-------- Stored data
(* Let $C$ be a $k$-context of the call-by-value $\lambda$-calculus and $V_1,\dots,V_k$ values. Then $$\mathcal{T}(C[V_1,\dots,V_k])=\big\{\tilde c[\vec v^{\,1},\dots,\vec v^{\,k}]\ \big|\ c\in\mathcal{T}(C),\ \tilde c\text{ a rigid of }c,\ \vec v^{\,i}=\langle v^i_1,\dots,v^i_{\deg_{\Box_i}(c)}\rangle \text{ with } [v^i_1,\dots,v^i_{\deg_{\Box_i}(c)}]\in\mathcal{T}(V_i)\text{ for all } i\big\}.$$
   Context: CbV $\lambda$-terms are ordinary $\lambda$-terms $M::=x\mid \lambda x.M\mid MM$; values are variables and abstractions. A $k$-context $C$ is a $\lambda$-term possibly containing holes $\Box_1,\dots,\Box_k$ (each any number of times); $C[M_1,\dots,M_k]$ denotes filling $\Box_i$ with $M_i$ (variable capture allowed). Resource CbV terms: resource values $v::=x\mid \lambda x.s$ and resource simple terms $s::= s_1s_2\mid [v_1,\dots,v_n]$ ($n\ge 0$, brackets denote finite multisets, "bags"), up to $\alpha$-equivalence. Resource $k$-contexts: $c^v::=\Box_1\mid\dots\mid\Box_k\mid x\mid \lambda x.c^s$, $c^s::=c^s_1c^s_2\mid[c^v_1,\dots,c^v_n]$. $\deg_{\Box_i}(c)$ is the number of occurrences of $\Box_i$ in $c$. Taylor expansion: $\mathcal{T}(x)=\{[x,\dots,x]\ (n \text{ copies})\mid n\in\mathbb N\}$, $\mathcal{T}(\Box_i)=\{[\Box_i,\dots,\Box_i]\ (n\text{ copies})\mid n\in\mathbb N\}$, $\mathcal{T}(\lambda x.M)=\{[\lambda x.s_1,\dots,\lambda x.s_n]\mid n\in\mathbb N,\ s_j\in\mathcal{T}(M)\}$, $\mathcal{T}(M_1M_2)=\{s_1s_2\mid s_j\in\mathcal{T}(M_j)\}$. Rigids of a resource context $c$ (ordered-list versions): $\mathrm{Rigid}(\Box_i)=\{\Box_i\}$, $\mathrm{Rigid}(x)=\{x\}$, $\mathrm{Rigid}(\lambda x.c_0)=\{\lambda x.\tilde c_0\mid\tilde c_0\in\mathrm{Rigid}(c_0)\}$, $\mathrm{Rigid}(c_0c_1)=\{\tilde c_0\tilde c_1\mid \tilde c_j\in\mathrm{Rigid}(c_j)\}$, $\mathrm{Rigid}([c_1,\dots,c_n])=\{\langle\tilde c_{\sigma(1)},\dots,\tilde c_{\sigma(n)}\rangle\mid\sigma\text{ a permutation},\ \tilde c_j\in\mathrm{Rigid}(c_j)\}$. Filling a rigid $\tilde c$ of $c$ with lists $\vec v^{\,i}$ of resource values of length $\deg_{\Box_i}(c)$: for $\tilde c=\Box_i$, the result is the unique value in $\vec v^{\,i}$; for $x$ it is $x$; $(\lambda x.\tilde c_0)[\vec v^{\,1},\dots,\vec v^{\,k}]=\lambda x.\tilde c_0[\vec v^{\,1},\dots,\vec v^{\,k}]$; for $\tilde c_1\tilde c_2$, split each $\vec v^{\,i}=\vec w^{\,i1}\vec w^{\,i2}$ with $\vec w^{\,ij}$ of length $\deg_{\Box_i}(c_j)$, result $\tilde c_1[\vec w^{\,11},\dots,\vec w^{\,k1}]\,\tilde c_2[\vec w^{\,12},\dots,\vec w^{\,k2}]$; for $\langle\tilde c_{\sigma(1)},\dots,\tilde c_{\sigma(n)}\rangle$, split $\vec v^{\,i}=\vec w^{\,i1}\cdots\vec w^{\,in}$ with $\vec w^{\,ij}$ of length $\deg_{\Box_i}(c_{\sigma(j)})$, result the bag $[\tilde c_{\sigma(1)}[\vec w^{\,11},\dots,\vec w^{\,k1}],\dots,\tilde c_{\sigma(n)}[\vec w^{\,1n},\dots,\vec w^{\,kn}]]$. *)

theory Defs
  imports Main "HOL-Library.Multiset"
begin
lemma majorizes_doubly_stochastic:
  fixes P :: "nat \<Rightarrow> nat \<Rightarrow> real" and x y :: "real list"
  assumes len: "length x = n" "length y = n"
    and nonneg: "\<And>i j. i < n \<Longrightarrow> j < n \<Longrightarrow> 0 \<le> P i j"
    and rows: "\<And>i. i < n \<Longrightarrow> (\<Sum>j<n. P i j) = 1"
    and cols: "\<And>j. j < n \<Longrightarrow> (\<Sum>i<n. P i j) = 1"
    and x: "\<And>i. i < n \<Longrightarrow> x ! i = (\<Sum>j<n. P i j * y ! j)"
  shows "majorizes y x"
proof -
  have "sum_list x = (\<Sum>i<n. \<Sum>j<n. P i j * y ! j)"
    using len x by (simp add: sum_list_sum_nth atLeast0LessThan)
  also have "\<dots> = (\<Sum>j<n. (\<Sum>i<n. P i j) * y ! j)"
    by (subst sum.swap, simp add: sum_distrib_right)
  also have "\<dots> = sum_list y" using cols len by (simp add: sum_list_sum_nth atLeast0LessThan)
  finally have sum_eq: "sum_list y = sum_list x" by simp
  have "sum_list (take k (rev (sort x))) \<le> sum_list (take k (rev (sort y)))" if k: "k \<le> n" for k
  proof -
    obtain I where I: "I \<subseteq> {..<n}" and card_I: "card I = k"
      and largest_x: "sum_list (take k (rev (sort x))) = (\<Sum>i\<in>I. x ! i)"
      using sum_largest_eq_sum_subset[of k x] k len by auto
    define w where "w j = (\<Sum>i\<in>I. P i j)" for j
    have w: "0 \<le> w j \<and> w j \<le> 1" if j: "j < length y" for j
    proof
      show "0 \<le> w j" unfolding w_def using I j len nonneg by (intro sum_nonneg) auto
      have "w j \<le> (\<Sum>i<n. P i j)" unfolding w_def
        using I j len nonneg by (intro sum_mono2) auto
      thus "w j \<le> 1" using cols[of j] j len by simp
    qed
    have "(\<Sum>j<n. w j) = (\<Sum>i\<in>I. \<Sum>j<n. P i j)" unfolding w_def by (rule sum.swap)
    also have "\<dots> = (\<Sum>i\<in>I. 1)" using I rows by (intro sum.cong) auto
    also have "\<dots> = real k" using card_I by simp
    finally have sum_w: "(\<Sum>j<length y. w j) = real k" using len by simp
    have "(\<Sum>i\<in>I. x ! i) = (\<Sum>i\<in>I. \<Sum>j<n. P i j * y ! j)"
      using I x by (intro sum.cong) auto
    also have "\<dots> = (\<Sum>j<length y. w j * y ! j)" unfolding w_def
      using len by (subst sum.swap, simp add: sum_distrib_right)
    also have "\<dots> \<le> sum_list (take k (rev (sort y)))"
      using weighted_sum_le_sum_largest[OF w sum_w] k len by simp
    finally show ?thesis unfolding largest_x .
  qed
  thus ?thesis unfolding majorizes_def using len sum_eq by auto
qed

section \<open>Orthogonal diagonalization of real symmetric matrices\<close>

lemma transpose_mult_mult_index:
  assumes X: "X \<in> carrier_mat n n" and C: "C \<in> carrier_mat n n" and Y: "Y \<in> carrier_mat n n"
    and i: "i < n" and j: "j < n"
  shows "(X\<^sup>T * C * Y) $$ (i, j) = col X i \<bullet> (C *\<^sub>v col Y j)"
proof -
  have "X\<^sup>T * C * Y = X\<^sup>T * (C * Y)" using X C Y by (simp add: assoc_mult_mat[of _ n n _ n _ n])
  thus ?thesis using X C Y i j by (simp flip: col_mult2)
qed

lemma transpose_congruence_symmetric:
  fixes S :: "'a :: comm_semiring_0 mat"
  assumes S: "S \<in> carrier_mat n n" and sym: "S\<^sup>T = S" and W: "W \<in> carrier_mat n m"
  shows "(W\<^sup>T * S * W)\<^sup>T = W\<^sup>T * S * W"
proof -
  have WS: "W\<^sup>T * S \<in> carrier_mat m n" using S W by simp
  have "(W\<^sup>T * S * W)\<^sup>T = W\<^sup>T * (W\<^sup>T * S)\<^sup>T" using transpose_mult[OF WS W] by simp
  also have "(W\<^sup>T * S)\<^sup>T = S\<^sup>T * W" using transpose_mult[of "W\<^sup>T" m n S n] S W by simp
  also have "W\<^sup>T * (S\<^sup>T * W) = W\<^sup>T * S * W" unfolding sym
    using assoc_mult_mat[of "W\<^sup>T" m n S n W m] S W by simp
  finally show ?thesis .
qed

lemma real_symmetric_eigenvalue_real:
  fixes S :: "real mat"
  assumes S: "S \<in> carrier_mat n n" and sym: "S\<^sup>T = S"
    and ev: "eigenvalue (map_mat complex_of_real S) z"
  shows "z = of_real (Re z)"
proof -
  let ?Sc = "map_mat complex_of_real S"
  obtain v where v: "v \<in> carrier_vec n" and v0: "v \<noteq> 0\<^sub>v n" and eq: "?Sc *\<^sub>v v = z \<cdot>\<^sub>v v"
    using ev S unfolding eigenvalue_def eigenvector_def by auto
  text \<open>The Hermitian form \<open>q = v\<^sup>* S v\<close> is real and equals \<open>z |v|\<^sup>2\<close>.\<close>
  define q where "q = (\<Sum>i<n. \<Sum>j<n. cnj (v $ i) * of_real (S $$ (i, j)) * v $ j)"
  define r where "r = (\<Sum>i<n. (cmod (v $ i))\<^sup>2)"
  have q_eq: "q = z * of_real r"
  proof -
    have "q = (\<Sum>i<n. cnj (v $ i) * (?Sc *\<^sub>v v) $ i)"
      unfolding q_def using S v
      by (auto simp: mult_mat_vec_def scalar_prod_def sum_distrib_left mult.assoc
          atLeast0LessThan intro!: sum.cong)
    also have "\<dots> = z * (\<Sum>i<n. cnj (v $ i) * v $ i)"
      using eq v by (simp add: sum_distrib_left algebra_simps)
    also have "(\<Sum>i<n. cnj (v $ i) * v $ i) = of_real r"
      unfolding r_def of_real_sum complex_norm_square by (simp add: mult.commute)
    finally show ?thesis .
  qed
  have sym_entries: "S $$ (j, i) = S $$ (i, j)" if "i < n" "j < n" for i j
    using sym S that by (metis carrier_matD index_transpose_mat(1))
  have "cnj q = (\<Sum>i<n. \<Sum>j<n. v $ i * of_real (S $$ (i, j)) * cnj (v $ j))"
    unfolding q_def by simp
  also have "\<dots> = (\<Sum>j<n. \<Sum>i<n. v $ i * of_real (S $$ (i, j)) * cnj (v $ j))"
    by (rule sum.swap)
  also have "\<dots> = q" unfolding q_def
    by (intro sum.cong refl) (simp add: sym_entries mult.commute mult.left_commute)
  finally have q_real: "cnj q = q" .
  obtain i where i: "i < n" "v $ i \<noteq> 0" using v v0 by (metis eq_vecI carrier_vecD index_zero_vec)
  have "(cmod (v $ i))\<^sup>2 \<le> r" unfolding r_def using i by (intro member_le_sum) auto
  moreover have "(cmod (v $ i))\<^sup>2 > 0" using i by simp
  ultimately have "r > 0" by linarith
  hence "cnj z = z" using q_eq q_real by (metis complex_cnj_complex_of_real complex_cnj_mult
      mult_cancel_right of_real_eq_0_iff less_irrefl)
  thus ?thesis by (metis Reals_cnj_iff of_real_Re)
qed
----------------
* _Your instructions_: Starting with the line above that holds "x = (\<Sum>i<n." and stopping with the line that holds "define w where", reproduce each line exactly, omitting all other lines.

* _Result of the task_:
  have "sum_list x = (\<Sum>i<n. \<Sum>j<n. P i j * y ! j)"
    using len x by (simp add: sum_list_sum_nth atLeast0LessThan)
  also have "\<dots> = (\<Sum>j<n. (\<Sum>i<n. P i j) * y ! j)"
    by (subst sum.swap, simp add: sum_distrib_right)
  also have "\<dots> = sum_list y" using cols len by (simp add: sum_list_sum_nth atLeast0LessThan)
  finally have sum_eq: "sum_list y = sum_list x" by simp
  have "sum_list (take k (rev (sort x))) \<le> sum_list (take k (rev (sort y)))" if k: "k \<le> n" for k
  proof -
    obtain I where I: "I \<subseteq> {..<n}" and card_I: "card I = k"
      and largest_x: "sum_list (take k (rev (sort x))) = (\<Sum>i\<in>I. x ! i)"
      using sum_largest_eq_sum_subset[of k x] k len by auto
    define w where "w j = (\<Sum>i\<in>I. P i j)" for j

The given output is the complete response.